A ball of mass 450 g hangs from a spring whose stiffness is $\mathbf{110}\mathbf{}\mathit{N}\mathbf{/}\mathit{m}$. A string is attached to the ball and you are pulling the string to the right, so that the ball hangs motionless, as shown in Figure. In this situation the spring is stretched, and its length is15 cm. What would be the relaxed length of the spring, if it were detached from the ball and laid on a table?

Mass, $m=450\text{g}=0.45\text{kg}$.

Spring of stiffness, $K=110N/m$.

Draw the free body diagram as below.

The system is the ball and the surroundings are the tension force of the spring $F_T$, the pulled force by the string ${\overrightarrow{F}}_s$and the gravitational force ${\overrightarrow{F}}_g$.

Let us find the angle $\theta$which is shown in the free body diagram from the left triangle shown in the figure.

$$\begin{gathered} \sin \theta =\frac{8\text{cm}}{15\text{cm}} \\ ={\sin }^{-1}\left(0.533\right) \\ =32.2° \end{gathered}$$

The tension force $F_T$has two components ${\overrightarrow{F}}_{T,x}and{\overrightarrow{F}}_{T,y}$. The vertical forces in the x-direction are equal to each other according to the momentum principle. Therefore

$$\begin{gathered} \frac{d\overrightarrow{p}}{dt}=F_{net,y} \\ =0 \end{gathered}$$

Therefore, the net force is

$$\begin{gathered} {\overrightarrow{F}}_{net,y}={\overrightarrow{F}}_{T,y}-{\overrightarrow{F}}_g \\ {\overrightarrow{F}}_{T,y}={\overrightarrow{F}}_g \end{gathered}$$

$F_T\cos \theta =mg$ ….. (1)

Here g is the acceleration due to gravity having a value $9.8m/s^2$.

The tension force $F_T$in the spring is given by

${\overrightarrow{F}}_T=kx$

Here k is the stiffness of the spring and x is the stretched length in the spring.

Plug the above expression of ${\overrightarrow{F}}_T$into equation (1) to get x.

$$\begin{gathered} {\overrightarrow{F}}_T\cos \theta =mg \\ kx\cos \theta =mg \end{gathered}$$

$x=\frac{mg}{k\cos \theta }$

Now you can plug our values for $m,g,k$and $\theta$into the above equation.
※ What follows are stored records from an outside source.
lemma cf_derivable_mp:
  assumes "cf_derivable A a" and "cf_derivable A (FImp a b)"
  shows "cf_derivable A b"
proof -
  obtain \<pi>1 X1 where \<pi>1: "derivation A \<pi>1" "X1 \<in> set \<pi>1" "unfold_circuit X1 = a"
    using assms(1) unfolding cf_derivable_def by blast
  obtain \<pi>2 X2 where \<pi>2: "derivation A \<pi>2" "X2 \<in> set \<pi>2" "unfold_circuit X2 = FImp a b"
    using assms(2) unfolding cf_derivable_def by blast
  define Ds where "Ds = [circ_of a, circ_of b]"
  have Ds: "\<forall>D \<in> set Ds. wf_circuit D"
    by (simp add: Ds_def wf_circ_of)
  define Y1 Y2 Z where "Y1 = inst (circ_of pA) Ds" and "Y2 = inst (circ_of (FImp pA pB)) Ds"
    and "Z = inst (circ_of pB) Ds"
  have wf: "wf_circuit Y1" "wf_circuit Y2" "wf_circuit Z"
    unfolding Y1_def Y2_def Z_def using wf_inst[OF wf_circ_of Ds] by auto
  have unf: "unfold_circuit Y1 = a" "unfold_circuit Y2 = FImp a b" "unfold_circuit Z = b"
    unfolding Y1_def Y2_def Z_def using unfold_inst[OF wf_circ_of Ds]
    by (auto simp: subst_of_def Ds_def)
  have "derivation A (\<pi>1 @ \<pi>2)"
    using derivation_append[OF \<pi>1(1) \<pi>2(1)] .
  then have "derivation A ((\<pi>1 @ \<pi>2) @ [Y1])"
    by (rule derivation_snocI[OF _ wf(1) cf_step_unfold[of X1]]) (use \<pi>1 unf in auto)
  then have "derivation A (((\<pi>1 @ \<pi>2) @ [Y1]) @ [Y2])"
    by (rule derivation_snocI[OF _ wf(2) cf_step_unfold[of X2]]) (use \<pi>2 unf in auto)
  then have "derivation A ((((\<pi>1 @ \<pi>2) @ [Y1]) @ [Y2]) @ [Z])"
    unfolding Z_def by (rule derivation_snocI[OF _ wf(3)[unfolded Z_def] cf_step_mp[OF Ds]])
      (simp_all add: Y1_def Y2_def)
  then show ?thesis
    using unf(3) unfolding cf_derivable_def by fastforce
qed

lemma derivable_imp_cf_derivable:
  "derivable \<Gamma> \<phi> \<Longrightarrow> \<forall>\<psi> \<in> \<Gamma>. cf_derivable A \<psi> \<Longrightarrow> cf_derivable A \<phi>"
proof (induction rule: derivable.induct)
  case (mp a b)
  then show ?case using cf_derivable_mp[of A a b] by blast
qed (auto intro: cf_derivable_axiom)

lemma cf_derivable_bot:
  assumes "\<not> sound A"
  shows "cf_derivable A FBot"
proof -
  obtain S where S: "S \<in> A" "wf_circuit S" and "\<not> tautology S"
    using unsound_false_axiom[OF assms] by blast
  then obtain v where v: "\<not> eval v (unfold_circuit S)"
    by (auto simp: tautology_def)
  obtain N where N: "\<forall>i \<in> fvars (unfold_circuit S). i < N"
    using finite_fvars finite_nat_set_iff_bounded by blast
  define Ds where "Ds = map (\<lambda>i. circ_of (if v i then FTop else FBot)) [0..<N]"
  have Ds: "\<forall>D \<in> set Ds. wf_circuit D"
    by (auto simp: Ds_def wf_circ_of)
  define F where "F = unfold_circuit (inst S Ds)"
  have F: "F = fsubst (subst_of Ds) (unfold_circuit S)"
    unfolding F_def using unfold_inst[OF S(2) Ds] .
  have const: "subst_of Ds i = (if v i then FTop else FBot)" if "i \<in> fvars (unfold_circuit S)" for i
    using N that by (simp add: subst_of_def Ds_def)
  have "fvars F = {}"
    unfolding F fvars_fsubst using const by simp
  moreover have "eval (\<lambda>i. eval v (subst_of Ds i)) (unfold_circuit S) = eval v (unfold_circuit S)"
    using const by (intro eval_cong) simp
  then have "\<not> eval v F"
    unfolding F eval_fsubst using v by simp
  ultimately have "derivable {F} (FNot F)"
    using kalmar_closed[of F "{F}" v] by simp
  then have "derivable {F} FBot"
    using derivable_explosion[OF derivable.hyp[OF singletonI]] by blast
  moreover have "cf_derivable A F"
  proof -
    have "derivation A [inst S Ds]"
      using derivation_snocI[OF derivation_Nil wf_inst[OF S(2) Ds] cf_step_axiom[OF S Ds]] by simp
    then show ?thesis
      unfolding cf_derivable_def F_def by (intro exI[of _ "[inst S Ds]"]) simp
  qed
  ultimately show ?thesis
    using derivable_imp_cf_derivable[of "{F}" FBot A] by simp
qed

lemma proof_length_append: "proof_length (\<pi> @ \<rho>) = proof_length \<pi> + proof_length \<rho>"
  by (simp add: proof_length_def)

text \<open>Modus ponens needs both premises as instances under one substitution, here [FBot, C];
  the unfolding rule produces them from a line computing FBot and from the axiom instance
  FBot --> C.\<close>

definition ex_falso_lines :: "circuit \<Rightarrow> circuit list" where
  "ex_falso_lines C =
     [inst (circ_of (FImp FBot pA)) [C], inst (circ_of pA) [circ_of FBot, C],
      inst (circ_of (FImp pA pB)) [circ_of FBot, C], inst (circ_of pB) [circ_of FBot, C], C]"

lemma proof_length_ex_falso_lines:
  assumes "wf_circuit C"
  shows "proof_length (ex_falso_lines C) \<le> 11 + 5 * csize C"
proof -
  have "\<forall>D \<in> set [C]. wf_circuit D" "\<forall>D \<in> set [circ_of FBot, C]. wf_circuit D"
    using assms by (simp_all add: wf_circ_of)
  note bound = csize_inst[OF wf_circ_of this(1)] csize_inst[OF wf_circ_of this(2)]
  have "csize (circ_of FBot) = 1" "csize (circ_of pA) = 1" "csize (circ_of pB) = 1"
    "csize (circ_of (FImp FBot pA)) = 3" "csize (circ_of (FImp pA pB)) = 3"
    by (simp_all add: circ_of_def csize_def)
  then show ?thesis
    using bound(1)[of "FImp FBot pA"] bound(2)[of pA] bound(2)[of "FImp pA pB"] bound(2)[of pB]
    unfolding ex_falso_lines_def proof_length_def by simp
qed

lemma derivation_ex_falso_lines:
  assumes \<pi>: "derivation A \<pi>" "X \<in> set \<pi>" "unfold_circuit X = FBot" and C: "wf_circuit C"
  shows "derivation A (\<pi> @ ex_falso_lines C)"
proof -
  define Ds where "Ds = [circ_of FBot, C]"
  have Ds: "\<forall>D \<in> set Ds. wf_circuit D" and C': "\<forall>D \<in> set [C]. wf_circuit D"
    using C by (simp_all add: Ds_def wf_circ_of)
  define X1 X2 X3 X4 where "X1 = inst (circ_of (FImp FBot pA)) [C]"
    and "X2 = inst (circ_of pA) Ds" and "X3 = inst (circ_of (FImp pA pB)) Ds"
    and "X4 = inst (circ_of pB) Ds"
  have wf: "wf_circuit X1" "wf_circuit X2" "wf_circuit X3" "wf_circuit X4"
    unfolding X1_def X2_def X3_def X4_def using wf_inst[OF wf_circ_of] Ds C' by auto
  have unf: "unfold_circuit X1 = FImp FBot (unfold_circuit C)" "unfold_circuit X2 = FBot"
    "unfold_circuit X3 = FImp FBot (unfold_circuit C)" "unfold_circuit X4 = unfold_circuit C"
    unfolding X1_def X2_def X3_def X4_def using unfold_inst[OF wf_circ_of] Ds C'
    by (auto simp: subst_of_def Ds_def)
  have "derivation A (\<pi> @ [X1])"
    using \<pi>(1) wf(1) cf_step_frege[of "[]" "FImp FBot pA" "[C]"] C'
    by (simp add: X1_def frege_rules_def)
  then have "derivation A ((\<pi> @ [X1]) @ [X2])"
    by (rule derivation_snocI[OF _ wf(2) cf_step_unfold[of X]]) (use \<pi> unf in auto)
  then have "derivation A (((\<pi> @ [X1]) @ [X2]) @ [X3])"
    by (rule derivation_snocI[OF _ wf(3) cf_step_unfold[of X1]]) (use unf in auto)
  then have "derivation A ((((\<pi> @ [X1]) @ [X2]) @ [X3]) @ [X4])"
    unfolding X4_def by (rule derivation_snocI[OF _ wf(4)[unfolded X4_def] cf_step_mp[OF Ds]])
      (simp_all add: X2_def X3_def)
  then have "derivation A (((((\<pi> @ [X1]) @ [X2]) @ [X3]) @ [X4]) @ [C])"
    by (rule derivation_snocI[OF _ C cf_step_unfold[of X4]]) (use unf in auto)
  moreover have "ex_falso_lines C = [X1, X2, X3, X4, C]"
    unfolding ex_falso_lines_def X1_def X2_def X3_def X4_def Ds_def ..
  ultimately show ?thesis by simp
qed

theorem mainTheorem5:
  fixes A :: "circuit set"
  assumes "\<not> sound A"
  shows "\<exists>c::nat. \<forall>C. wf_circuit C \<longrightarrow>
           (\<exists>\<pi>. is_proof A \<pi> C \<and> proof_length \<pi> \<le> c * csize C)"
proof -
  obtain \<pi>\<^sub>0 X where \<pi>\<^sub>0: "derivation A \<pi>\<^sub>0" "X \<in> set \<pi>\<^sub>0" "unfold_circuit X = FBot"
    using cf_derivable_bot[OF assms] unfolding cf_derivable_def by blast
  have "is_proof A (\<pi>\<^sub>0 @ ex_falso_lines C) C \<and>
      proof_length (\<pi>\<^sub>0 @ ex_falso_lines C) \<le> (proof_length \<pi>\<^sub>0 + 16) * csize C"
    if C: "wf_circuit C" for C
  proof -
    have "1 \<le> csize C"
      using C by (simp add: wf_circuit_def csize_def)
    then have "proof_length \<pi>\<^sub>0 \<le> proof_length \<pi>\<^sub>0 * csize C" "16 \<le> 16 * csize C"
      by simp_all
    then have "proof_length \<pi>\<^sub>0 + 11 + 5 * csize C \<le> (proof_length \<pi>\<^sub>0 + 16) * csize C"
      unfolding distrib_right by linarith
    then show ?thesis
      using derivation_ex_falso_lines[OF \<pi>\<^sub>0 C] proof_length_ex_falso_lines[OF C]
      by (simp add: is_proof_iff_derivation proof_length_append ex_falso_lines_def)
  qed
  then show ?thesis by blast
qed

end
$$\begin{gathered} x=\frac{mg}{k\cos \theta } \\ =\frac{\left(0.450\text{kg}\right)\left(9.8m/s^2\right)}{\left(110N/m\right)\left(\cos 32.2°\right)} \\ =\frac{4.41N}{\left(110N/m\right)0.846} \\ =0.047m \end{gathered}$$

$x=4.7\text{cm}$

The relaxation length of the spring is equal to the original length l minus the stretched length x. Therefore

$$\begin{gathered} R=l-x \\ =15\text{cm}-4.7\text{cm} \\ =10.3\text{cm} \end{gathered}$$

Hence, the relaxed length of the spring is $10.3\text{cm}$.